Su mensaje es sencillo y, a la vez, exigente: cada mañana es una oportunidad para volver a empezar por dentro. Sin fuegos artificiales. Sin grandes promesas. Solo con presencia. “Creo que todos los días tenemos que renacer, todos los días tenemos algo nuevo que aprender”, dice. Y cuando lo escuchas, algo se recoloca. Porque es verdad: la vida no avisa. No garantiza mañanas. Por eso, agradecer, amar o estar despiertos no debería aplazarse. “Todos los días son días para agradecer, porque uno no sabe cuándo es el último”.
La vida no castiga: enseña

Una de las ideas que más se repite en su mirada es esta: la vida es una escuela. No una escuela amable todo el tiempo, pero sí profundamente pedagógica. Nada ocurre porque sí. Los problemas no son errores del sistema, sino materias pendientes que regresan hasta que se comprenden. “Todo el trabajo que tenemos que hacer es interno”, insiste.
Desde ahí, el bienestar deja de depender de la suerte o de que todo salga como esperamos. Depende de cómo interpretamos lo que sucede. No se trata de negar el dolor —eso sería poco honesto—, sino de atravesarlo sin expectativas rígidas, con la certeza de que incluso lo incómodo trae un aprendizaje. “No vinimos solo a divertirnos”, recuerda Argüello. “Vinimos a evolucionar”. Y esa evolución, casi siempre, incomoda un poco.
La muerte como cambio de forma, no como final

Hablar de la muerte nunca es fácil. Cristian no la esquiva, pero la mira desde un lugar distinto.
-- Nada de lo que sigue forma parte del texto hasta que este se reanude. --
lemma down_prod_below:
  "j < k \<Longrightarrow> k < d \<Longrightarrow>
    down_prod d r k (rot d r j # v) = rot d r (Suc j) # gen d (rot d r j) v"
proof (induction k)
  case (Suc k)
  show ?case
  proof (cases "j = k")
    case True
    then show ?thesis
      using Suc.prems down_prod_beyond[of k "Suc k" d r] by (simp add: nxt_rot rot_eq_iff)
  next
    case False
    then show ?thesis
      using Suc by (simp add: nxt_rot rot_eq_iff)
  qed
qed simp

lemma up_prod_full: "0 < d \<Longrightarrow> up_prod d r d = gen d (rot d r (d - 1)) \<circ> up_prod d r (d - 1)"
  by (metis Suc_diff_1 up_prod.simps(2))

lemma down_prod_full: "0 < d \<Longrightarrow> down_prod d r d = down_prod d r (d - 1) \<circ> gen d (rot d r (d - 1))"
  by (metis Suc_diff_1 down_prod.simps(2))

lemma up_prod_Suc_left:
  "0 < d \<Longrightarrow> up_prod d r (Suc m) = up_prod d (rot d r 1) m \<circ> gen d (rot d r 0)"
proof (induction m)
  case (Suc m)
  have "up_prod d r (Suc (Suc m)) = gen d (rot d r (Suc m)) \<circ> up_prod d r (Suc m)"
    by simp
  also have "\<dots> = gen d (rot d r (Suc m)) \<circ> (up_prod d (rot d r 1) m \<circ> gen d (rot d r 0))"
    by (simp only: Suc.IH[OF Suc.prems])
  also have "\<dots> = up_prod d (rot d r 1) (Suc m) \<circ> gen d (rot d r 0)"
    using Suc.prems by (simp add: rot_rot comp_assoc)
  finally show ?case .
qed simp

lemma up_full_fix: "0 < d \<Longrightarrow> up_prod d r d (rot d r 0 # v) = rot d r 0 # up_prod d r d v"
  using up_prod_first[of d r d v] rot_add_self[of d r 0] by simp

lemma up_full_second:
  "2 \<le> d \<Longrightarrow>
    up_prod d r d (rot d r 1 # v) = rot d r (d - 1) # gen d (rot d r 0) (gen d (rot d r 1) v)"
  using up_prod_below[of 1 "d - 1" d r v]
  by (simp add: up_prod_full nxt_rot_last rot_eq_iff)

lemma up_full_mid:
  "2 \<le> j \<Longrightarrow> j < d \<Longrightarrow> up_prod d r d (rot d r j # v) = rot d r (j - 1) # gen d (rot d r j) v"
  using up_prod_below[of j "d - 1" d r v]
  by (auto simp: up_prod_full nxt_rot_last rot_eq_iff)

lemma down_full_last:
  "2 \<le> d \<Longrightarrow>
    down_prod d r d (rot d r (d - 1) # v) = rot d r 1 # gen d (rot d r 0) (gen d (rot d r (d - 1)) v)"
  using down_prod_below[of 0 "d - 1" d r]
  by (simp add: down_prod_full nxt_rot_last)

lemma down_full_mid:
  "1 \<le> j \<Longrightarrow> j + 2 \<le> d \<Longrightarrow>
    down_prod d r d (rot d r j # v) = rot d r (Suc j) # gen d (rot d r j) v"
  using down_prod_below[of j "d - 1" d r v]
  by (simp add: down_prod_full nxt_rot_last rot_eq_iff)

lemma up_full_pow_mid:
  "1 \<le> i \<Longrightarrow> i + m < d \<Longrightarrow>
    (up_prod d r d ^^ m) (rot d r (i + m) # v) = rot d r i # down_prod d (rot d r (Suc i)) m v"
proof (induction m arbitrary: v)
  case (Suc m)
  then show ?case
    unfolding funpow_Suc_right comp_def by (simp add: up_full_mid rot_rot)
qed simp

lemma down_full_pow_mid:
  "1 \<le> i \<Longrightarrow> i + m < d \<Longrightarrow>
    (down_prod d r d ^^ m) (rot d r i # v) = rot d r (i + m) # up_prod d (rot d r i) m v"
proof (induction m arbitrary: v)
  case (Suc m)
  then show ?case
    by (simp add: down_full_mid rot_rot)
qed simp

lemma up_full_pow_orbit:
  assumes "m + 2 \<le> d"
  shows "(up_prod d r d ^^ Suc m) (rot d r 1 # v) =
    rot d r (d - 1 - m) # down_prod d (rot d r (d - m)) m (gen d (rot d r 0) (gen d (rot d r 1) v))"
proof -
  have "up_prod d r d (rot d r 1 # v) = rot d r (d - 1 - m + m) # gen d (rot d r 0) (gen d (rot d r 1) v)"
    using assms up_full_second[of d r v] by simp
  then show ?thesis
    unfolding funpow_Suc_right comp_def
    using assms up_full_pow_mid[of "d - 1 - m" m d r] by (simp add: Suc_diff_Suc)
qed

lemma down_full_pow_orbit:
  assumes "m + 2 \<le> d"
  shows "(down_prod d r d ^^ Suc m) (rot d r (d - 1) # v) =
    rot d r (Suc m) # up_prod d (rot d r 1) m (gen d (rot d r 0) (gen d (rot d r (d - 1)) v))"
  unfolding funpow_Suc_right comp_def
  using assms down_full_last[of d r v] down_full_pow_mid[of 1 m d r] by simp

lemma up_full_pow_return:
  assumes "3 \<le> d"
  shows "(up_prod d r d ^^ (d - 1)) (rot d r 1 # v) = rot d r 1 # down_prod d (rot d r 2) d v"
proof -
  obtain k where d: "d = Suc (Suc k)"
    using assms by (metis le_Suc_ex numeral_3_eq_3 add_Suc)
  have "rot d (rot d r 2) k = rot d r 0" "rot d (rot d r 2) (Suc k) = rot d r 1"
    using rot_rot[of d r 2] rot_add_self[of d r 0] rot_add_self[of d r 1] d by simp_all
  then show ?thesis
    using up_full_pow_orbit[of k d r v] d by (simp add: numeral_2_eq_2)
qed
Para él, la muerte no es un final, sino un cambio de estado de la misma esencia que somos. Esta forma de entenderla transforma por completo el duelo.
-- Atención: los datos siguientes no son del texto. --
lemma computable_last_column_terms:
  assumes "3 \<le> n" "3 \<le> m" "q < m"
  shows "computable l n m a b (2 * l + 1) (last_column_terms a b q)"
proof -
  have "computable l n m a b ((l + 1) + l) (last_column_terms a b q)"
    unfolding last_column_terms_def
    by (intro computable_add computable_shifted_products computable_row_products)
      (use assms in \<open>simp_all add: is_lin_form_intros\<close>)
  then show ?thesis
    by (rule computable_cong) simp_all
qed

lemma pair_terms_eq_0: "p \<noteq> q \<Longrightarrow> p \<noteq> Suc q \<Longrightarrow> pair_terms a b q i p = 0"
  by (simp add: pair_terms_def)

lemma sum_pair_terms:
  "(\<Sum>s<S. pair_terms a b (2 * s + 3) i p) =
     (if 3 \<le> p \<and> p < 2 * S + 3 then pair_terms a b (2 * ((p - 3) div 2) + 3) i p else 0)"
proof (cases "3 \<le> p \<and> p < 2 * S + 3")
  case True
  define s0 where "s0 = (p - 3) div 2"
  have "s0 < S"
    using True unfolding s0_def by linarith
  have others: "pair_terms a b (2 * s + 3) i p = 0" if "s \<noteq> s0" for s
    using True that unfolding s0_def by (intro pair_terms_eq_0) presburger+
  have "(\<Sum>s<S. pair_terms a b (2 * s + 3) i p)
      = pair_terms a b (2 * s0 + 3) i p + (\<Sum>s\<in>{..<S} - {s0}. pair_terms a b (2 * s + 3) i p)"
    using \<open>s0 < S\<close> by (simp add: sum.remove)
  also have "(\<Sum>s\<in>{..<S} - {s0}. pair_terms a b (2 * s + 3) i p) = 0"
    using others by (intro sum.neutral) blast
  finally show ?thesis
    using True by (simp add: s0_def)
next
  case False
  then have "(\<Sum>s<S. pair_terms a b (2 * s + 3) i p) = 0"
    by (intro sum.neutral ballI pair_terms_eq_0) auto
  then show ?thesis
    by (simp only: if_not_P[OF False])
qed

lemma three_inner_terms_eq:
  assumes "3 \<le> m" "p < m"
  shows "shared_terms m a b i p + (\<Sum>s<(m - 3) div 2. pair_terms a b (2 * s + 3) i p)
           + (if even m then last_column_terms a b (m - 1) i p else 0)
         = a i 0 * b 0 p + a i 1 * b 1 p + a i 2 * b 2 p"
    (is "shared_terms m a b i p + ?pairs + ?last = _")
proof -
  have "p = 0 \<or> p = 1 \<or> p = 2 \<or> (3 \<le> p \<and> odd p \<and> Suc p < m) \<or> (4 \<le> p \<and> even p)
      \<or> (even m \<and> p = m - 1)"
    using assms by presburger
  then consider (base) "p \<le> 2" | (first) "3 \<le> p" "odd p" "Suc p < m"
    | (second) "4 \<le> p" "even p" | (last) "even m" "p = m - 1"
    by linarith
  then show ?thesis
  proof cases
    case base
    have "?pairs = 0" "?last = 0"
      using base assms by (auto simp: sum_pair_terms last_column_terms_def) presburger
    moreover have "p = 0 \<or> p = 1 \<or> p = 2"
      using base by linarith
    ultimately show ?thesis
      by (elim disjE) (simp_all add: shared_terms_def shifted_product_eq algebra_simps)
  next
    case first
    have pairs_eq: "?pairs = pair_terms a b p i p" and last_eq: "?last = 0"
      using first assms by (auto simp: sum_pair_terms last_column_terms_def)
    show ?thesis
      unfolding pairs_eq last_eq using first
      by (simp add: shared_terms_def pair_terms_def shifted_product_eq algebra_simps)
  next
    case second
    then obtain q where q: "p = Suc q"
      by (cases p) auto
    have pairs_eq: "?pairs = pair_terms a b q i p" and last_eq: "?last = 0"
      using second assms q by (auto simp: sum_pair_terms last_column_terms_def) presburger+
    show ?thesis
      unfolding pairs_eq last_eq using second q
      by (simp add: shared_terms_def pair_terms_def shifted_product_eq algebra_simps)
  next
    case last
    have pairs_eq: "?pairs = 0" and last_eq: "?last = last_column_terms a b p i p"
      using last assms by (auto simp: sum_pair_terms)
    have "3 \<le> p" "odd p" "\<not> Suc p < m"
      using last assms by presburger+
    then show ?thesis
      unfolding pairs_eq last_eq
      by (simp add: shared_terms_def last_column_terms_def shifted_product_eq algebra_simps)
  qed
qed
“El duelo hay que vivirlo”, aclara, “pero no desde el reclamo”. El dolor está. La tristeza también. Pero propone algo que descoloca: cambiar el llanto de reproche por un llanto de gratitud. Agradecer el tiempo compartido, aunque haya sido breve. “Gracias Dios, fueron quince años felices de mi vida”, ejemplifica. No elimina la pena, pero la vuelve más habitable. Más suave. Menos destructiva.
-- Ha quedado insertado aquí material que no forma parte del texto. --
text \<open>Enumerating \<open>\<N>\<close> along the continuum and
  choosing points as above yields a set contained in no member of \<open>\<N>\<close> and meeting each
  member of \<open>\<C>\<close> only in points chosen up to its stage, i.e. in fewer than continuum many.\<close>
lemma transfinite_avoiding_set:
  fixes \<N> \<C> :: "'a set set"
  assumes card: "\<N> \<lesssim> (UNIV :: real set)" and nonempty: "\<N> \<noteq> {}" and sub: "\<C> \<subseteq> \<N>"
    and avoid: "\<And>\<G> N. \<G> \<subseteq> \<C> \<Longrightarrow> \<G> \<prec> (UNIV :: real set) \<Longrightarrow> N \<in> \<N> \<Longrightarrow> N \<union> \<Union>\<G> \<noteq> UNIV"
  obtains A where "\<And>N. N \<in> \<N> \<Longrightarrow> \<not> A \<subseteq> N" "\<And>C. C \<in> \<C> \<Longrightarrow> A \<inter> C \<prec> (UNIV :: real set)"
proof -
  obtain g :: "real \<Rightarrow> 'a set" where g: "range g = \<N>"
    using lepoll_imp_image_eq[OF card nonempty] by blast
  have avoid_g: "g t \<union> \<Union>\<G> \<noteq> UNIV" if "\<G> \<subseteq> \<C>" "\<G> \<prec> (UNIV :: real set)" for \<G> t
    using avoid[OF that] g by blast
  obtain r :: "real rel" and x :: "real \<Rightarrow> 'a"
    where total: "\<And>s t. (s, t) \<in> r \<or> (t, s) \<in> r"
      and small: "\<And>t. {s. (s, t) \<in> r} \<prec> (UNIV :: real set)"
      and x_current: "\<And>t. x t \<notin> g t"
      and x_earlier: "\<And>s t. (s, t) \<in> r \<Longrightarrow> g s \<in> \<C> \<Longrightarrow> x t \<notin> g s"
    using transfinite_avoiding_points[of \<C> g, OF avoid_g] by blast
  show thesis
  proof (rule that[of "range x"])
    fix N assume "N \<in> \<N>"
    then obtain t where "N = g t"
      using g by blast
    then show "\<not> range x \<subseteq> N"
      using x_current[of t] by blast
  next
    fix C assume "C \<in> \<C>"
    then obtain s where s: "C = g s"
      using g sub by blast
    have "range x \<inter> C \<subseteq> x ` {t. (t, s) \<in> r}"
    proof
      fix y assume "y \<in> range x \<inter> C"
      then obtain t where t: "y = x t" "x t \<in> C"
        by blast
      then have "(s, t) \<notin> r"
        using x_earlier \<open>C \<in> \<C>\<close> s by blast
      then show "y \<in> x ` {t. (t, s) \<in> r}"
        using total[of s t] t(1) by blast
    qed
    then have "range x \<inter> C \<lesssim> {t. (t, s) \<in> r}"
      by (rule subset_image_lepoll)
    then show "range x \<inter> C \<prec> (UNIV :: real set)"
      by (rule lesspoll_trans1[OF _ small])
  qed
qed

text \<open>Under hypothesis (\<star>) there is a non-null set meeting every closed null set in
  fewer than continuum many points: apply the construction to the null G-delta sets
  (every null set lies in one) and the closed null sets (which are G-delta).\<close>
lemma nonnull_set_thin_on_closed_null_sets:
  assumes star: "\<And>(F :: 'a set set) (N :: 'a set).
      (\<forall>C\<in>F. closed C \<and> C \<in> null_sets lebesgue) \<Longrightarrow>
      F \<prec> (UNIV :: real set) \<Longrightarrow>
      N \<in> null_sets lebesgue \<Longrightarrow>
      N \<union> \<Union>F \<noteq> UNIV"
  obtains A :: "'a::euclidean_space set" where "A \<notin> null_sets lebesgue"
    "\<And>C. closed C \<Longrightarrow> C \<in> null_sets lebesgue \<Longrightarrow> A \<inter> C \<prec> (UNIV :: real set)"
proof -
  define \<N> where "\<N> = {D :: 'a set. gdelta D \<and> D \<in> null_sets lebesgue}"
  define \<C> where "\<C> = {C :: 'a set. closed C \<and> C \<in> null_sets lebesgue}"
  have card: "\<N> \<lesssim> (UNIV :: real set)"
    unfolding \<N>_def by (rule lepoll_trans[OF subset_imp_lepoll gdelta_sets_lepoll_reals]) blast
  have nonempty: "\<N> \<noteq> {}"
    unfolding \<N>_def using closed_imp_gdelta[of "{}"] by blast
  have sub: "\<C> \<subseteq> \<N>"
    unfolding \<C>_def \<N>_def using closed_imp_gdelta by blast
  have avoid: "N \<union> \<Union>\<G> \<noteq> UNIV" if "\<G> \<subseteq> \<C>" "\<G> \<prec> (UNIV :: real set)" "N \<in> \<N>" for \<G> N
    using star[of \<G> N] that unfolding \<C>_def \<N>_def by blast
  obtain A where not_in_\<N>: "\<And>N. N \<in> \<N> \<Longrightarrow> \<not> A \<subseteq> N"
    and thin: "\<And>C. C \<in> \<C> \<Longrightarrow> A \<inter> C \<prec> (UNIV :: real set)"
    using transfinite_avoiding_set[OF card nonempty sub avoid] by blast
  show thesis
  proof (rule that)
    show "A \<notin> null_sets lebesgue"
    proof
      assume null: "A \<in> null_sets lebesgue"
      then obtain D T where "gdelta D" "T \<in> null_sets lebesgue" "A \<union> T = D"
        using lebesgue_set_almost_gdelta[of A] by blast
      then have "D \<in> \<N>" "A \<subseteq> D"
        using null unfolding \<N>_def by auto
      then show False
        using not_in_\<N> by blast
    qed
    show "A \<inter> C \<prec> (UNIV :: real set)" if "closed C" "C \<in> null_sets lebesgue" for C
      using thin that unfolding \<C>_def by blast
  qed
qed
Desde esta comprensión, incluso las pérdidas más duras pueden resignificarse. “¿Qué es lo peor que nos puede pasar? Que nos morimos. Y como la muerte no existe… ¿cuál es el problema?”, dice, sabiendo que suena provocador. Pero no lo dice desde la negación, sino desde una confianza profunda en que todo lo que sucede, al final, tiene un sentido.
Intuición, coherencia y mirar hacia dentro

Cristian habla mucho de la intuición. De esa voz baja que todos tenemos y que no siempre escuchamos. “A todos los seres humanos la intuición nos habla; la diferencia es quién la escucha”. También menciona lo que llama “diocidencias”: esas coincidencias que parecen casuales, pero que aparecen cuando uno está alineado consigo mismo.
Habla de guías, sí, pero con una aclaración importante: respetan el libre albedrío. “No intervienen si no se les pide ayuda”. No hacen el trabajo por nosotros. Acompañan, pero no interfieren en el proceso de aprendizaje.
Y aquí llega una de sus ideas más terrenales: la espiritualidad se mide en resultados. No en discursos. La coherencia se refleja en cuatro áreas muy concretas: salud, finanzas, relaciones y satisfacción personal. Si algo no fluye, la invitación no es mirar fuera, sino revisar dentro. “La maestría empieza cuando dejamos de corregir al otro y empezamos a mirarnos”.